In order to allow Evelyn to leave the Tardis’ rarefied environment in the Tudor period where the nexus point is located, she needs a doohickey clapped on her wrist, to stop her being affected by the rapid degradation of her family’s history. But with that proviso, the Doctor leaves Evelyn to go exploring in sixteenth century London, with a plan to meet back at the Tardis, while he goes to court.

Sadly, they’ve misjudged the time slightly, and Elizabeth has yet to come to power. Mary’s still on the throne, and the Doctor, who expects to be welcomed into Elizabeth’s circle, has to think on his feet to establish trust with the legendarily sour monarch. It’s in these scenes that the stories ‘moral,’ if it has one, can be found, and it’s one the Sixth Doctor has revisited since, particularly in stories like The Holy Terrror – the power of legacy, and how we’re perceived for what we do. If we honestly believe we’re doing a thing that’s necessary and right, does history have the power to judge us? It’s easy in the abstract to say it probably doesn’t – but when the context is Mary’s religious war against Protestants, things become less clear-cut. It’s an argument more commonly rehearsed with the Nazis – if they genuinely, fervently believed what they were doing was right, is the unfailingly negative judgment of history valid?

Told you it became less clear-cut.

What’s more, it’s an argument that even made it into Robert Shearman’s now legendary Dalek in the first season of New Who back in 2005 – the Dalek, if freed, will kill everyone in the nearby Salt Lake City. The question is asked: Why would it do that? And the Doctor replies ‘Because it honestly believes they should die.’
Do we judge the Dalek? Oh hell yes, just as we judge Nazis and slaughter-happy monarchs. The Sixth Doctor, when faced with such questions from the woman who believed Protestants could be brought to God by fear or by death, fudges an answer – think of your legacy while you’re alive, and aim for kindness.

Meanwhile, Evelyn has fallen in with, if not a gang of ruffians, then at least a gang of murderously plotting Protestants and… well, you remember that thing about becoming queen of the gang?

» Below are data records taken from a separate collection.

lemma OmegaO_mem: "1 \<le> n \<Longrightarrow> f \<in> OmegaO Op n \<Longrightarrow> f xs \<in> Op n"
  by (blast intro: OmegaO_apply_mem kmodule_zero_mem ns_operad_kmodule)

lemma OmegaComp_closed:
  assumes "1 \<le> n" "1 \<le> i" "i \<le> m" "f \<in> OmegaO Op m" "g \<in> OmegaO Op n"
  shows "OmegaComp cmp m n i f g \<in> OmegaO Op (m + n - 1)"
proof -
  have "cmp m n i (f ys) (g zs) \<in> Op (m + n - 1)" for ys zs
    using assms by (intro ns_operad_closed OmegaO_mem) simp_all
  then show ?thesis
    by (simp add: OmegaO_def OmegaComp_def)
qed

lemma OmegaComp_add_left:
  assumes "1 \<le> n" "1 \<le> i" "i \<le> m" "f \<in> OmegaO Op m" "f' \<in> OmegaO Op m" "g \<in> OmegaO Op n"
  shows "OmegaComp cmp m n i (f + f') g = OmegaComp cmp m n i f g + OmegaComp cmp m n i f' g"
  using assms by (simp add: OmegaComp_def fun_eq_iff ns_operad_add_left OmegaO_mem)

lemma OmegaComp_smult_left:
  assumes "1 \<le> n" "1 \<le> i" "i \<le> m" "f \<in> OmegaO Op m" "g \<in> OmegaO Op n"
  shows "OmegaComp cmp m n i (OmegaSmult sm c f) g = OmegaSmult sm c (OmegaComp cmp m n i f g)"
  using assms
  by (simp add: OmegaComp_def OmegaSmult_def fun_eq_iff
      ns_operad_smult_left ns_operad_smult_zero OmegaO_mem)

lemma OmegaComp_add_right:
  assumes "1 \<le> n" "1 \<le> i" "i \<le> m" "f \<in> OmegaO Op m" "g \<in> OmegaO Op n" "g' \<in> OmegaO Op n"
  shows "OmegaComp cmp m n i f (g + g') = OmegaComp cmp m n i f g + OmegaComp cmp m n i f g'"
  using assms by (simp add: OmegaComp_def fun_eq_iff ns_operad_add_right OmegaO_mem)

lemma OmegaComp_smult_right:
  assumes "1 \<le> n" "1 \<le> i" "i \<le> m" "f \<in> OmegaO Op m" "g \<in> OmegaO Op n"
  shows "OmegaComp cmp m n i f (OmegaSmult sm c g) = OmegaSmult sm c (OmegaComp cmp m n i f g)"
  using assms
  by (simp add: OmegaComp_def OmegaSmult_def fun_eq_iff
      ns_operad_smult_right ns_operad_smult_zero OmegaO_mem)

lemma OmegaComp_assoc:
  assumes "1 \<le> i" "i \<le> m" "1 \<le> j" "j \<le> n" "1 \<le> p"
    and "f \<in> OmegaO Op m" "g \<in> OmegaO Op n" "h \<in> OmegaO Op p"
  shows "OmegaComp cmp (m + n - 1) p (i + j - 1) (OmegaComp cmp m n i f g) h
       = OmegaComp cmp m (n + p - 1) i f (OmegaComp cmp n p j g h)"
proof
  fix xs
  show "OmegaComp cmp (m + n - 1) p (i + j - 1) (OmegaComp cmp m n i f g) h xs
      = OmegaComp cmp m (n + p - 1) i f (OmegaComp cmp n p j g h) xs"
  proof (cases "length xs = (i - 1) + ((j - 1) + p + (n - j)) + (m - i)")
    case True
    then obtain a w e where xs: "xs = a @ w @ e"
      and "length a = i - 1" "length w = (j - 1) + p + (n - j)" "length e = m - i"
      by (rule length_eq_add3E)
    from \<open>length w = _\<close> obtain b c d where w: "w = b @ c @ d"
      and "length b = j - 1" "length c = p" "length d = n - j"
      by (rule length_eq_add3E)
    define c' where "c' = prod_ne c"
    have shape: "m + n - 1 = length (a @ b) + 1 + length (d @ e)" "p = length c"
      "i + j - 1 = length (a @ b) + 1" "m = length a + 1 + length e" "n = length (b @ c' # d)"
      "i = length a + 1" "n + p - 1 = length (b @ c @ d)"
      "n = length b + 1 + length d" "j = length b + 1"
      using assms \<open>length a = _\<close> \<open>length b = _\<close> \<open>length c = _\<close>
        \<open>length d = _\<close> \<open>length e = _\<close>
      by auto
    then have "prod_ne (b @ c' # d) = prod_ne (b @ c @ d)"
      unfolding c'_def using assms by (intro prod_ne_collapse) auto
    then have "OmegaComp cmp (m + n - 1) p (i + j - 1) (OmegaComp cmp m n i f g) h xs
      = cmp (m + n - 1) p (i + j - 1)
          (cmp m n i (f (a @ prod_ne (b @ c @ d) # e)) (g (b @ c' # d))) (h c)"
      using OmegaComp_append[OF shape(1-3), of cmp "OmegaComp cmp m n i f g" h]
        OmegaComp_append[OF shape(4-6), of cmp f g]
      by (simp add: xs w c'_def)
    also have "\<dots> = cmp m (n + p - 1) i
        (f (a @ prod_ne (b @ c @ d) # e)) (cmp n p j (g (b @ c' # d)) (h c))"
      using assms by (intro ns_operad_assoc) (simp_all add: OmegaO_mem)
    also have "\<dots> = OmegaComp cmp m (n + p - 1) i f (OmegaComp cmp n p j g h) xs"
      using OmegaComp_append[OF shape(4,7,6), of cmp f "OmegaComp cmp n p j g h"]
        OmegaComp_append[OF shape(8,2,9), of cmp g h]
      by (simp add: xs w c'_def)
    finally show ?thesis .
  next
    case False
    then show ?thesis
      using assms by (simp add: OmegaComp_eq_0)
  qed
qed

lemma OmegaComp_comm:
  assumes "1 \<le> i" "i < j" "j \<le> m" "1 \<le> n" "1 \<le> p"
    and "f \<in> OmegaO Op m" "g \<in> OmegaO Op n" "h \<in> OmegaO Op p"
  shows "OmegaComp cmp (m + n - 1) p (j + n - 1) (OmegaComp cmp m n i f g) h
       = OmegaComp cmp (m + p - 1) n i (OmegaComp cmp m p j f h) g"
proof
  fix xs
  show "OmegaComp cmp (m + n - 1) p (j + n - 1) (OmegaComp cmp m n i f g) h xs
      = OmegaComp cmp (m + p - 1) n i (OmegaComp cmp m p j f h) g xs"
  proof (cases "length xs = (i - 1) + n + ((j - i - 1) + p + (m - j))")
    case True
    then obtain a b w where xs: "xs = a @ b @ w"
      and "length a = i - 1" "length b = n" "length w = (j - i - 1) + p + (m - j)"
      by (rule length_eq_add3E)
    from \<open>length w = _\<close> obtain c d e where w: "w = c @ d @ e"
      and "length c = j - i - 1" "length d = p" "length e = m - j"
      by (rule length_eq_add3E)
    define b' where "b' = prod_ne b"
    define d' where "d' = prod_ne d"
    have shape: "m + n - 1 = length (a @ b @ c) + 1 + length e" "p = length d"
      "j + n - 1 = length (a @ b @ c) + 1" "m = length a + 1 + length (c @ d' # e)" "n = length b"
      "i = length a + 1" "m + p - 1 = length a + 1 + length (c @ d @ e)"
      "m = length (a @ b' # c) + 1 + length e" "j = length (a @ b' # c) + 1"
      using assms \<open>length a = _\<close> \<open>length b = _\<close> \<open>length c = _\<close>
        \<open>length d = _\<close> \<open>length e = _\<close>
      by auto
    have "OmegaComp cmp (m + n - 1) p (j + n - 1) (OmegaComp cmp m n i f g) h xs
      = cmp (m + n - 1) p (j + n - 1) (cmp m n i (f (a @ b' # c @ d' # e)) (g b)) (h d)"
      using OmegaComp_append[OF shape(1-3), of cmp "OmegaComp cmp m n i f g" h]
        OmegaComp_append[OF shape(4-6), of cmp f g]
      by (simp add: xs w b'_def d'_def)
    also have "\<dots> = cmp (m + p - 1) n i (cmp m p j (f (a @ b' # c @ d' # e)) (h d)) (g b)"
      using assms by (intro ns_operad_comm) (simp_all add: OmegaO_mem)
    also have "\<dots> = OmegaComp cmp (m + p - 1) n i (OmegaComp cmp m p j f h) g xs"
      using OmegaComp_append[OF shape(7,5,6), of cmp "OmegaComp cmp m p j f h" g]
        OmegaComp_append[OF shape(8,2,9), of cmp f h]
      by (simp add: xs w b'_def d'_def)
    finally show ?thesis .
  next
    case False
    then show ?thesis
      using assms by (simp add: OmegaComp_eq_0)
  qed
qed

lemma OmegaUnit_mem: "OmegaUnit u \<in> OmegaO Op 1"
  using ns_operad_unit_mem by (simp add: OmegaO_def OmegaUnit_def)

lemma OmegaComp_unit_right:
  assumes "1 \<le> i" "i \<le> m" "f \<in> OmegaO Op m"
  shows "OmegaComp cmp m 1 i f (OmegaUnit u) = f"
proof
  fix xs
  show "OmegaComp cmp m 1 i f (OmegaUnit u) xs = f xs"
  proof (cases "length xs = (i - 1) + 1 + (m - i)")
    case True
    then obtain a y c where xs: "xs = a @ y @ c"
      and "length a = i - 1" "length y = 1" "length c = m - i"
      by (rule length_eq_add3E)
    from \<open>length y = 1\<close> obtain x where y: "y = [x]"
      by (cases y) auto
    have shape: "m = length a + 1 + length c" "1 = length y" "i = length a + 1"
      using assms \<open>length a = _\<close> \<open>length y = _\<close> \<open>length c = _\<close> by auto
    have "OmegaComp cmp m 1 i f (OmegaUnit u) xs = cmp m 1 i (f (a @ x # c)) u"
      using OmegaComp_append[OF shape, of cmp f "OmegaUnit u"] by (simp add: xs y OmegaUnit_def)
    also have "\<dots> = f (a @ x # c)"
      using assms by (intro ns_operad_unit_right) (simp_all add: OmegaO_mem)
    finally show ?thesis
      by (simp add: xs y)
  next
    case False
    then show ?thesis
      using assms by (simp add: OmegaComp_eq_0 OmegaO_apply_eq_0)
  qed
qed

lemma OmegaComp_unit_left:
  assumes "1 \<le> m" "f \<in> OmegaO Op m"
  shows "OmegaComp cmp 1 m 1 (OmegaUnit u) f = f"
proof
  fix xs
  show "OmegaComp cmp 1 m 1 (OmegaUnit u) f xs = f xs"
  proof (cases "length xs = m")
    case True
    then have "OmegaComp cmp 1 m 1 (OmegaUnit u) f xs = cmp 1 m 1 u (f xs)"
      using OmegaComp_append[of 1 "[]" "[]" m xs 1 cmp] by (simp add: OmegaUnit_def)
    also have "\<dots> = f xs"
      using assms by (intro ns_operad_unit_left) (simp_all add: OmegaO_mem)
    finally show ?thesis .
  next
    case False
    then show ?thesis
      using assms by (simp add: OmegaComp_eq_0 OmegaO_apply_eq_0)
  qed
qed

end

theorem theorem5p5:
  fixes sm :: "'k::{comm_ring_1, ring_char_0} \<Rightarrow> 'v::ab_group_add \<Rightarrow> 'v"
    and Op :: "nat \<Rightarrow> 'v set"
    and cmp :: "nat \<Rightarrow> nat \<Rightarrow> nat \<Rightarrow> 'v \<Rightarrow> 'v \<Rightarrow> 'v"
    and u :: 'v
  assumes "ns_operad sm Op cmp u"
  shows "ns_operad (OmegaSmult sm) (OmegaO Op :: nat \<Rightarrow> ('w::semigroup_mult list \<Rightarrow> 'v) set)
           (OmegaComp cmp) (OmegaUnit u)"
  by (intro ns_operadI kmodule_OmegaO ns_operad_kmodule[OF assms]
      OmegaComp_closed[OF assms] OmegaComp_add_left[OF assms] OmegaComp_smult_left[OF assms]
      OmegaComp_add_right[OF assms] OmegaComp_smult_right[OF assms]
      OmegaComp_assoc[OF assms] OmegaComp_comm[OF assms]
      OmegaUnit_mem[OF assms] OmegaComp_unit_right[OF assms] OmegaComp_unit_left[OF assms])

end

Without spoilering you too much, and pretty much as you’d expect, there’s at least one plot to murder the Queen (legacy, legacy, all is legacy…), the result of one of which is causing the temporal nexus point that’s eradicating Evelyn’s family from history. As for why it should be doing that – well, if you’ve heard of the grandfather paradox, you’ll understand that if you go back in time and kill your grandfather, you stop existing. If on the other hand, you go back in time and your grandfather’s got a plot to kill an axe-happy queen, and you discover it and tell the Queen before you realise your grandfather is actually your grandfather… it turns out you land yourself in pretty similar temporal hot water.

Essentially, The Marian Conspiracy is a timey-wimey story before such a godawful phrase was ever coined, but it’s also a story about history, and how every life lived is tomorrow’s history, open to misinterpretation and judgment. A story about the legacy of our lives, and the weight of our beliefs and the actions to which they drive us. It’s a historical story with no real alien threat, but where, in slightly Sapphire and Steel style, time itself is something of an adversary. And while the slickness you’ll expect from Big Finish productions if you’ve listened to later titles is notably missing, once you start The Marian Conspiracy, you won’t turn it off until it’s done – if nothing else, if you do, you’ll lose track of the plots and sub-plots, of who wants to kill whom and why. But if you stick with it, The Marian Conspiracy shows Big Finish as a company with ambitious designs to tell complex, meaningful Doctor Who stories very early in its life. The Marian Conspiracy itself is also a must-listen because it’s the debut of Dr Evelyn Smythe, and she grabs the listener right from the very first minute, becoming over time the kind of no-nonsense companion who leads with a laugh, a compassionate heart, a sensible head and a really good lemon drizzle cake. Evelyn Smythe, like Maggie Stables, has become a legend in the world of audio Doctor Who. Go right back to the start of her legend with this complex, morally balanced tale of legacies and consequences, and how very little in this world is actually how it seems.